Existence and stability of a Sadovskii dipole as a maximizer of kinetic energy

Speaker: Prof. Kyudong Choi (Ulsan National Institute of Science and Technology, Korea)

Inviter: 王益 研究员

Title: Existence and stability of a Sadovskii dipole as a maximizer of kinetic energy

Time & Venue: 2025.6.25 15:30-16:30  南楼620

Abstract: The Sadovskii vortex patch is a traveling wave for the two-dimensional incompressible Euler equations consisting of an odd symmetric pair of vortex patches touching the symmetry axis. Its existence was first suggested by numerical computations of Sadovskii in [J. Appl. Math.

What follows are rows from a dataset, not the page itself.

lemma ex_phi_plus_factor:
  assumes f: "f \<in> phi_hom a n" and "b \<le> n"
  obtains j q f1 f2 where "j \<le> a" "bij_betw q {..<a} {..<a}" "f1 \<in> phi_hom j b"
    "f2 \<in> phi_hom (a - j) (n - b)" "\<And>i. i < a \<Longrightarrow> f i = phi_plus j b f1 f2 (q i)"
proof -
  define j where "j = card {i. i < a \<and> f i < b}"
  obtain q where q: "bij_betw q {..<a} {..<a}" and front: "\<And>i. i < a \<Longrightarrow> q i < j \<longleftrightarrow> f i < b"
    using ex_bij_betw_front[of a "\<lambda>i. f i < b"] unfolding j_def by blast
  obtain q' where q'_lt: "\<And>x. x < a \<Longrightarrow> q' x < a" and q_q': "\<And>x. x < a \<Longrightarrow> q (q' x) = x"
    and q'_q: "\<And>i. i < a \<Longrightarrow> q' (q i) = i"
    using bij_betw_lessThan_inverse[OF q] by blast
  have "j \<le> a"
    unfolding j_def by (rule order_trans[OF card_mono[of "{..<a}"]]) auto
  define f1 where "f1 x = f (q' x)" for x
  define f2 where "f2 x = f (q' (x + j)) - b" for x
  have f1_lt: "f1 x < b \<longleftrightarrow> x < j" if "x < a" for x
    unfolding f1_def using front[of "q' x"] q'_lt q_q' that by simp
  have f1_lt_n: "f1 x < n" if "x < a" for x
    unfolding f1_def using f q'_lt that by (auto simp: phi_hom_def)
  have "f1 \<in> phi_hom j b"
    unfolding phi_hom_def using f1_lt \<open>j \<le> a\<close> by auto
  moreover have "f2 \<in> phi_hom (a - j) (n - b)"
  proof -
    have "b \<le> f1 (x + j)" "f1 (x + j) < n" if "x < a - j" for x
      using f1_lt[of "x + j"] f1_lt_n[of "x + j"] that by (auto simp: less_diff_conv)
    then show ?thesis
      unfolding phi_hom_def f2_def[folded f1_def] by (auto simp: diff_less_mono)
  qed
  moreover have "f i = phi_plus j b f1 f2 (q i)" if "i < a" for i
    using f1_lt[of "q i"] that q'_q bij_betw_apply[OF q]
    by (auto simp: phi_plus_def f1_def f2_def)
  ultimately show ?thesis
    using that \<open>j \<le> a\<close> q by blast
qed
lemma product_rank_bounds:
  assumes "u \<in> V1" "x \<in> V2" shows "1 \<le> product_rank (u, x)" "product_rank (u, x) \<le> n1 * n2"
proof -
  have \<rho>: "1 \<le> \<pi>1 u" "\<pi>1 u \<le> n1" and r: "1 \<le> \<pi>2 x" "\<pi>2 x \<le> n2"
    using bij_betwE[OF \<pi>1] bij_betwE[OF \<pi>2] assms by auto
  show "1 \<le> product_rank (u, x)" using r by (simp add: product_rank_def)
  have "(\<pi>1 u - 1) * n2 + n2 \<le> n1 * n2"
    using \<rho> mult_le_mono1[of "\<pi>1 u" n1 n2] by (cases "\<pi>1 u") auto
  then show "product_rank (u, x) \<le> n1 * n2" using r by (simp add: product_rank_def)
qed

lemma product_network_zero_one:
  assumes zero_one: "\<forall>z. h z \<le> (1::nat)" and u: "u \<in> V1" and x: "x \<in> V2"
  shows "run product_network h (u, x) =
    (if n1 * n2 - card {z\<in>V1 \<times> V2. h z = 1} < product_rank (u, x) then 1 else 0)"
proof -
  have "\<forall>u. column_ones h u \<le> n2" using column_ones_le by blast
  then obtain X where X01: "\<forall>k<n2. \<forall>u. X k u \<le> 1" and X_sum: "\<forall>u. (\<Sum>k<n2. X k u) = column_ones h u"
    and "balanced_layers V1 n2 X" and X_run: "\<forall>u. merge_run n2 M1 (column_ones h) u = (\<Sum>k<n2. run M1 (X k) u)"
    using merge_run_eq_sum_layers[OF M1 finite_V1] by blast
  define S where "S k = (\<Sum>v\<in>V1. X k v)" for k
  obtain s where bal: "\<forall>k<n2. S k \<in> {s, Suc s}"
    using \<open>balanced_layers V1 n2 X\<close> unfolding balanced_layers_def S_def by blast
  have S_card: "S k = card {v\<in>V1. X k v = 1}" if "k < n2" for k
    unfolding S_def using X01 that by (intro card_zero_one_eq_sum[OF finite_V1, symmetric]) auto
  then have S_le: "\<forall>k<n2. S k \<le> n1" using finite_V1 by (auto intro: card_mono)
  have "run M1 (X k) u = (if n1 - S k < \<pi>1 u then 1 else 0)" if "k < n2" for k
    using sorting_run_zero_one[OF finite_V1 M1_sorts _ u, of "X k"] X01 S_card that by simp
  then have merged: "merge_run n2 M1 (column_ones h) u = (\<Sum>k<n2. if n1 - S k < \<pi>1 u then 1 else 0)"
    using X_run by simp
  have "{z\<in>V1 \<times> V2. h z = 1} = (SIGMA v:V1. {y\<in>V2. h (v, y) = 1})" by auto
  then have "card {z\<in>V1 \<times> V2. h z = 1} = (\<Sum>v\<in>V1. \<Sum>k<n2. X k v)"
    using finite_V1 finite_V2 X_sum by (simp add: column_ones_def)
  also have "\<dots> = (\<Sum>k<n2. S k)" unfolding S_def by (rule sum.swap)
  finally have ones: "card {z\<in>V1 \<times> V2. h z = 1} = (\<Sum>k<n2. S k)" .
  have \<rho>: "1 \<le> \<pi>1 u" "\<pi>1 u \<le> n1" and r: "1 \<le> \<pi>2 x" "\<pi>2 x \<le> n2"
    using bij_betwE[OF \<pi>1] bij_betwE[OF \<pi>2] u x by auto
  show ?thesis
    unfolding run_product_network_merge_run[OF zero_one u x] merged ones product_rank_def
    using balanced_layers_threshold[OF bal S_le \<rho> r] by simp
qed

Mech., 1971], and has gained significant interest due to its relevance in the inviscid limit of planar flows via Prandtl--Batchelor theory and as the asymptotic state for vortex ring dynamics.In this talk, I will sketch a proof of the existence of such a vortex and stability in the class using an energy maximization approach under the exact impulse condition and an upper bound on the circulation. (For reference, a completely different proof of the same existence result with more information via a fixed point method appeared around the same time by Huang and Tong. The uniqueness of such a vortex remains open.) This talk is based on joint work with In-Jee Jeong(SNU), Youngjin Sim(UNIST), and Kwan Woo(SNU).